Segment Open

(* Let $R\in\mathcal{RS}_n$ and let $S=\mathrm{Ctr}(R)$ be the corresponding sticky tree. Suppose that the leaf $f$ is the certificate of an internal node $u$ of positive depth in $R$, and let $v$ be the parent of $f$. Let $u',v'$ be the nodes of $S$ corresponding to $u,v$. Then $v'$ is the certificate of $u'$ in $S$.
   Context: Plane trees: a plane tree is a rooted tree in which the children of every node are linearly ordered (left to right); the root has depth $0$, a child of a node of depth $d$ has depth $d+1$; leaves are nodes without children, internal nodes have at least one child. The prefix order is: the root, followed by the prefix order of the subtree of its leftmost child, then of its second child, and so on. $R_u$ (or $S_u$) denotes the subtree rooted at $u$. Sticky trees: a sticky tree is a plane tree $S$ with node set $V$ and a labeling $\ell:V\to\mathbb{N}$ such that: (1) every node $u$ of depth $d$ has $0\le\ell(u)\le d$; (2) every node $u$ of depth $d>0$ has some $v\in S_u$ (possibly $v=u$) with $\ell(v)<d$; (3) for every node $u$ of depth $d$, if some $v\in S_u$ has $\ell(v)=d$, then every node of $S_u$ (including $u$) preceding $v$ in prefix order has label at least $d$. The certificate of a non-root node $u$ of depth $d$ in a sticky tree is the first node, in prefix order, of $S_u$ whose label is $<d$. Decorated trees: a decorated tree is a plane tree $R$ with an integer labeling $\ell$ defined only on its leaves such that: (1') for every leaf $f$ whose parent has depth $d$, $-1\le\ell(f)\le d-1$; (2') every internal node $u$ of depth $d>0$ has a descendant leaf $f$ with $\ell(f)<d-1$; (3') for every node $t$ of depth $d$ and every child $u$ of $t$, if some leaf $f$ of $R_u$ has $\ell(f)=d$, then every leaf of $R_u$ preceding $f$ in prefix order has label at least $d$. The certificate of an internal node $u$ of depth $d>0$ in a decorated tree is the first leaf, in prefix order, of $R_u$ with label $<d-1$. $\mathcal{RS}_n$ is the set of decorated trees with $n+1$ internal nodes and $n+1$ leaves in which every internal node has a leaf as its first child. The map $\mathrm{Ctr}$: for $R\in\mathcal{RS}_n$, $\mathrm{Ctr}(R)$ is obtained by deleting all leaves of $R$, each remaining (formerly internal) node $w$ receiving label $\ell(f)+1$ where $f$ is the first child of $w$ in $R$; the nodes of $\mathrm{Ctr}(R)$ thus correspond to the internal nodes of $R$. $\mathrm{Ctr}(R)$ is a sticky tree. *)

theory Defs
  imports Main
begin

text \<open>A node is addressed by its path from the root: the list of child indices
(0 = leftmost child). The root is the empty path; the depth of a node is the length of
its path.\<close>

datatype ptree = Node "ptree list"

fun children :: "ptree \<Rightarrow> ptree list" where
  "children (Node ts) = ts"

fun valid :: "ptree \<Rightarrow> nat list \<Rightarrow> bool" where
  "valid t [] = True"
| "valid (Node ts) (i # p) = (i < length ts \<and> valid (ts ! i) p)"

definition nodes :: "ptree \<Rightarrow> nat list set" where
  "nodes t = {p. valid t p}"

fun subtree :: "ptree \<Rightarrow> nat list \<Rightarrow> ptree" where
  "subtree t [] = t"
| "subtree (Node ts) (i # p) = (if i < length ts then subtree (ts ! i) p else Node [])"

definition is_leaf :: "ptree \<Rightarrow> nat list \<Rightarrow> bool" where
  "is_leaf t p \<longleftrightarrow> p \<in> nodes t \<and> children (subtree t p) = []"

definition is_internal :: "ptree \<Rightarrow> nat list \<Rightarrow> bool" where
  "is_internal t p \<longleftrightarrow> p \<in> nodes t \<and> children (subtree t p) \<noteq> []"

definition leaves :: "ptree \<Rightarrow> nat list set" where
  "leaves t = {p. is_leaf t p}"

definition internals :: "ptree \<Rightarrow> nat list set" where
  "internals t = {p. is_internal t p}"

Segment Closed
Segment Open

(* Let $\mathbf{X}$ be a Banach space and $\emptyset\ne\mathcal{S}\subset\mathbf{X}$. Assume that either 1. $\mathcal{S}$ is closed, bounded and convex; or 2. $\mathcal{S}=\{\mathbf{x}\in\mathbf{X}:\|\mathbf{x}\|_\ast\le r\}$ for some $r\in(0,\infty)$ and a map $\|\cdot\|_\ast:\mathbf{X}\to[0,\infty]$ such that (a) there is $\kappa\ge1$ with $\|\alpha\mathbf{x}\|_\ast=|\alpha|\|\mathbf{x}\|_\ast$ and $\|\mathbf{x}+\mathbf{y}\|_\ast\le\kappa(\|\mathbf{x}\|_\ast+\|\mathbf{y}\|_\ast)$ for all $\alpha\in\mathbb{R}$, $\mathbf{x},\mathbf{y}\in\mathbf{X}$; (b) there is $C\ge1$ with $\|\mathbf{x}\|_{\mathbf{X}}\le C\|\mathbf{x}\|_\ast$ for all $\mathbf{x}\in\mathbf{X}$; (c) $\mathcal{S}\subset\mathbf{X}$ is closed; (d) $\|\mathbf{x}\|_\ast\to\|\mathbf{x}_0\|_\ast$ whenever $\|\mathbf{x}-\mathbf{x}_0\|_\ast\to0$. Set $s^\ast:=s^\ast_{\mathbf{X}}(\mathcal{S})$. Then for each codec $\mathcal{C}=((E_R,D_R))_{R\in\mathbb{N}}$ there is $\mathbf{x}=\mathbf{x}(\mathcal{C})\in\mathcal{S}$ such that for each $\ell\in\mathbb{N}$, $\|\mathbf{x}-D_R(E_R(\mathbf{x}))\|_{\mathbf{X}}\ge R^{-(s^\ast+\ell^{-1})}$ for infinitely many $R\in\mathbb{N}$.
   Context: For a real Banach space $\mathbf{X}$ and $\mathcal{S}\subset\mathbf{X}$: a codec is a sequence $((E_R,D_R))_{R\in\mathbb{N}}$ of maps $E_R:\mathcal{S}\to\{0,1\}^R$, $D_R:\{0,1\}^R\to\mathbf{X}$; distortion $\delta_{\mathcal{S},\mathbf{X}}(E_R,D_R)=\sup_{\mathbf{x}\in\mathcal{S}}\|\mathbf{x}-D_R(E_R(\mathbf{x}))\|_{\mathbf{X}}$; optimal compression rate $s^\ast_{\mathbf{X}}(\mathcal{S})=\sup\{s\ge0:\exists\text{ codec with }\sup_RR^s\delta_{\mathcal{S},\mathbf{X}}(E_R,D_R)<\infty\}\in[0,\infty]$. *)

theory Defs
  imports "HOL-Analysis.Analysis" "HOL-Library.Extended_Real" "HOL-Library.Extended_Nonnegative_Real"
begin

Segment Closed
Segment Open

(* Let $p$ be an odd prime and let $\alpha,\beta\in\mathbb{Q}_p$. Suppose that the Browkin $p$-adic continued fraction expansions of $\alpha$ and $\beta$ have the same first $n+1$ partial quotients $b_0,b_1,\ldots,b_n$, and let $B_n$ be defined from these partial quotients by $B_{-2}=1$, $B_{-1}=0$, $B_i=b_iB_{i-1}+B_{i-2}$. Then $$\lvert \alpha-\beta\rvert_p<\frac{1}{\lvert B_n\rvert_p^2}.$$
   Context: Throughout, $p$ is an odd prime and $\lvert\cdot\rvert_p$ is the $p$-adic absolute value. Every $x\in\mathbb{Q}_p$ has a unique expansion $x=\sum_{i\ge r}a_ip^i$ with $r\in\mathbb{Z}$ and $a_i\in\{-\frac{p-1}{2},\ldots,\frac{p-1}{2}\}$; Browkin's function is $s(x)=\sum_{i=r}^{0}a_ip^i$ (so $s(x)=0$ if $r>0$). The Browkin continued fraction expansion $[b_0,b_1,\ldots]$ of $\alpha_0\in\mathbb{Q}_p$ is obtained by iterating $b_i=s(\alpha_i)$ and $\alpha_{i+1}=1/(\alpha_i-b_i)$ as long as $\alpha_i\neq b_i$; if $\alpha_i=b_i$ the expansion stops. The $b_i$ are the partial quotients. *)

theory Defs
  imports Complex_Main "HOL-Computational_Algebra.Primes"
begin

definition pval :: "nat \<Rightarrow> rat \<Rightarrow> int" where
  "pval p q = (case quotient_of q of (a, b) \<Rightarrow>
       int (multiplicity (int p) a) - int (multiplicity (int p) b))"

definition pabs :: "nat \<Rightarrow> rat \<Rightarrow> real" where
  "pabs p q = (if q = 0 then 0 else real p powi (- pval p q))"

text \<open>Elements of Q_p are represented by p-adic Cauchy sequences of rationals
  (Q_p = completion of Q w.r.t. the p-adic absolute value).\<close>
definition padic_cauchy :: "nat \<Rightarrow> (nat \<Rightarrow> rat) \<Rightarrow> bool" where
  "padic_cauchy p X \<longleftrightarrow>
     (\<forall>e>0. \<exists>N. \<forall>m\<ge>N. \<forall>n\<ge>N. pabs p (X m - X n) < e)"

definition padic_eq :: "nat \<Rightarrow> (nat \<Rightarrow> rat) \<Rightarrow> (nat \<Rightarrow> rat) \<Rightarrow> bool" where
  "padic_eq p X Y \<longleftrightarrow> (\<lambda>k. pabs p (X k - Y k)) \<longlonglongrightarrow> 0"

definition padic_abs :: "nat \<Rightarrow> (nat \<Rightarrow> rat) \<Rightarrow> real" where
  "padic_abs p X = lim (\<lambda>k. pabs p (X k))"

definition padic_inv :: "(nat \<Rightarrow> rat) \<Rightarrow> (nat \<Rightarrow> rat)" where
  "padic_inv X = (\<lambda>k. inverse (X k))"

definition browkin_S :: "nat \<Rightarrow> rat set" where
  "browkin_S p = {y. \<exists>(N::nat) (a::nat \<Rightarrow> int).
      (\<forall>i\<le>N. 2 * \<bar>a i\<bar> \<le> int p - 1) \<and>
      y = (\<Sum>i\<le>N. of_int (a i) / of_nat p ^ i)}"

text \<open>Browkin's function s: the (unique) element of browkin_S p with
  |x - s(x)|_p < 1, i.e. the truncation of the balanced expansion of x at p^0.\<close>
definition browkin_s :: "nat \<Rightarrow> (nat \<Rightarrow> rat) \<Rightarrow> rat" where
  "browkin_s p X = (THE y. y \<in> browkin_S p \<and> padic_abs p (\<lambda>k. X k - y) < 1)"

Segment Closed

--- What to produce ---
Return, word for word, the lines of the data above from the line with "X = (\<lambda>k." through the line with "x at p^0.\<close>", inclusive.

--- Answer for the task ---
  "padic_inv X = (\<lambda>k. inverse (X k))"

definition browkin_S :: "nat \<Rightarrow> rat set" where
  "browkin_S p = {y. \<exists>(N::nat) (a::nat \<Rightarrow> int).
      (\<forall>i\<le>N. 2 * \<bar>a i\<bar> \<le> int p - 1) \<and>
      y = (\<Sum>i\<le>N. of_int (a i) / of_nat p ^ i)}"

text \<open>Browkin's function s: the (unique) element of browkin_S p with
  |x - s(x)|_p < 1, i.e. the truncation of the balanced expansion of x at p^0.\<close>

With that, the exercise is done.